- **WORK REQUEST**
Tally the lines in the data below where the word "complex" appears, and give the tally alone.

+ + + + + + +

lemma norm_perturbed_root_diff_le:
  assumes Y: "norm Y \<le> 1/2"
    and Y_root: "(P + t *\<^sub>R S) ** Y ** Y + (mat 1 - (2 * t) *\<^sub>R S) ** Y + (P + t *\<^sub>R S) = 0"
  shows "norm (Y - X) \<le> 4 * norm S * (norm (mat 1 :: complex^'n^'n) + 1/2)^2 * \<bar>t\<bar>"
proof -
  let ?m = "norm (mat 1 :: complex^'n^'n) + 1/2"
  let ?W = "(mat 1 - Y) ** (mat 1 - Y)"
  have D1: "norm (Y - X) \<le> 1"
    using norm_triangle_ineq4[of Y X] X_small Y by simp
  then have DD: "norm (Y - X) * norm (Y - X) \<le> norm (Y - X)"
    by (simp add: mult_left_le)
  have "norm ?W \<le> ?m * ?m"
    using norm_matrix_mult_le
      mult_mono[OF norm_one_minus_le[OF Y] norm_one_minus_le[OF Y] _ norm_ge_zero]
    by (rule order_trans) simp
  then have W: "norm S * norm ?W \<le> norm S * ?m^2"
    by (simp add: mult_left_mono power2_eq_square)
  have "norm (Y - X) \<le> 2 * norm (phi P X (Y - X))"
    by (rule norm_le_2_norm_phi_at_root)
  also have "\<dots> \<le> 2 * (norm (Y - X) * norm (Y - X) / 4 + \<bar>t\<bar> * (norm S * norm ?W))"
    unfolding phi_diff_perturbed_root[OF X_root Y_root]
    using norm_quadratic_remainder_le[OF D1] by (rule mult_left_mono) simp
  also have "\<dots> \<le> 2 * (norm (Y - X) * norm (Y - X) / 4 + \<bar>t\<bar> * (norm S * ?m^2))"
    using W by (simp add: mult_left_mono)
  also have "\<dots> = norm (Y - X) * norm (Y - X) / 2 + 2 * (\<bar>t\<bar> * (norm S * ?m^2))"
    by simp
  finally have "norm (Y - X) \<le> 4 * (\<bar>t\<bar> * (norm S * ?m^2))"
    using DD by linarith
  then show ?thesis
    by (simp add: mult_ac)
qed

+ + + + + + +

- **SOLUTION FOR THIS TASK**
2